Camille Noufi and Brandon Jacquez

Harmonic analysis of popular music allows us to unveil patterns among artists that continue across decades. Theorist Walter Everett used a six category system to describe these patterns for a different pop/rock dataset. A link to a table summary of his findings can be found here. This work can be tedious and subjective, but the McGill Billboard dataset aimed to provide accurate data to analyze the top songs on the Billboard’s list.

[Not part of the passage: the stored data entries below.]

lemma Inter_origin_halfspaces_subset_iff:
  fixes G :: "(real^'n) set set"
  assumes "finite G" "\<forall>h\<in>G. origin_halfspace h"
  shows "\<Inter>G \<subseteq> {x. x $ k > 0} \<union> {0} \<longleftrightarrow>
    convex_cone hull (insert (axis k 1) (halfspace_normal ` G)) = UNIV"
proof -
  have "\<Inter>G = {x. \<forall>h\<in>G. inner (halfspace_normal h) x \<le> 0}"
    using assms(2) origin_halfspace_normal(2) by blast
  then show ?thesis
    using assms(1) by (subst convex_cone_hull_eq_UNIV_iff) (auto simp: inner_axis' not_less)
qed

theorem lemma13:
  fixes H :: "(real^'n) set set" and k :: 'n
  assumes "CARD('n) \<ge> 2"
    and "finite H"
    and "\<forall>h\<in>H. origin_halfspace h"
    and "\<forall>h\<in>H. frontier h \<noteq> {x. x $ k = 0}"
    and "\<Inter>H \<subseteq> {x. x $ k > 0} \<union> {0}"
  shows "\<exists>H'\<subseteq>H. card H' \<le> 2 * CARD('n) - 2 \<and> \<Inter>H' \<subseteq> {x. x $ k > 0} \<union> {0}"
proof -
  let ?e = "axis k 1 :: real^'n"
  have "finite (halfspace_normal ` H)" using assms(2) by simp
  moreover have "?e \<noteq> 0" by simp
  moreover have "convex_cone hull (insert ?e (halfspace_normal ` H)) = UNIV"
    using Inter_origin_halfspaces_subset_iff assms(2,3,5) by blast
  moreover have "\<forall>c\<in>halfspace_normal ` H. ?e \<notin> span {c}"
    using axis_notin_span_halfspace_normal assms(3,4) by blast
  ultimately have "\<exists>S\<subseteq>halfspace_normal ` H. card S \<le> 2 * DIM(real^'n) - 2
      \<and> convex_cone hull (insert ?e S) = UNIV"
    by (rule conic_steinitz_insert)
  then obtain S where S: "S \<subseteq> halfspace_normal ` H" "card S \<le> 2 * CARD('n) - 2"
      "convex_cone hull (insert ?e S) = UNIV"
    by auto
  obtain H' where H': "H' \<subseteq> H" "S = halfspace_normal ` H'"
    using S(1) by (meson subset_image_iff)
  have "finite H'" using H'(1) assms(2) by (rule finite_subset)
  have halfspaces: "\<forall>h\<in>H'. origin_halfspace h" using H'(1) assms(3) by blast
  have "\<Inter>H' \<subseteq> {x. x $ k > 0} \<union> {0}"
    using Inter_origin_halfspaces_subset_iff[OF \<open>finite H'\<close> halfspaces, of k] S(3) H'(2) by simp
  moreover have "inj_on halfspace_normal H'"
    using halfspaces by (intro inj_on_subset[OF inj_on_halfspace_normal]) blast
  then have "card H' = card S" by (simp add: H'(2) card_image)
  ultimately show ?thesis using H'(1) S(2) by (intro exI[of _ H']) simp
qed

end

We, a group of students in CU’s Computation Musical Analysis class, used the McGill dataset to develop our own findings on this topic to compare to Everett’s. We also compared our cluster analysis results with categorical results from a previous study (slides 10–17) on McGill done by the class two years ago.

With this knowledge in mind, we wanted to re-evaluate these categories using the McGill Billboard dataset and K Means clustering analysis. We began by repurposing work of a previous group of students in our class who looked at the transitional probability of one chord to another in the McGill dataset. We used the transitional probability for each song as our data for a K Means cluster analysis using 6 means with 1,000 iterations. Our code was written in python and the clustering was done using the sciKitLearn framework. We found many similarities between all three studies. We used information from a study done by Ashley Burguoyne (a creator of the McGill dataset) to investigate the emergent clusters’ relations to release year. This helped us dig deeper into the results. Our findings indicate that relation of harmonic progressions to musical genre and style may not be as cut and dry as one would think.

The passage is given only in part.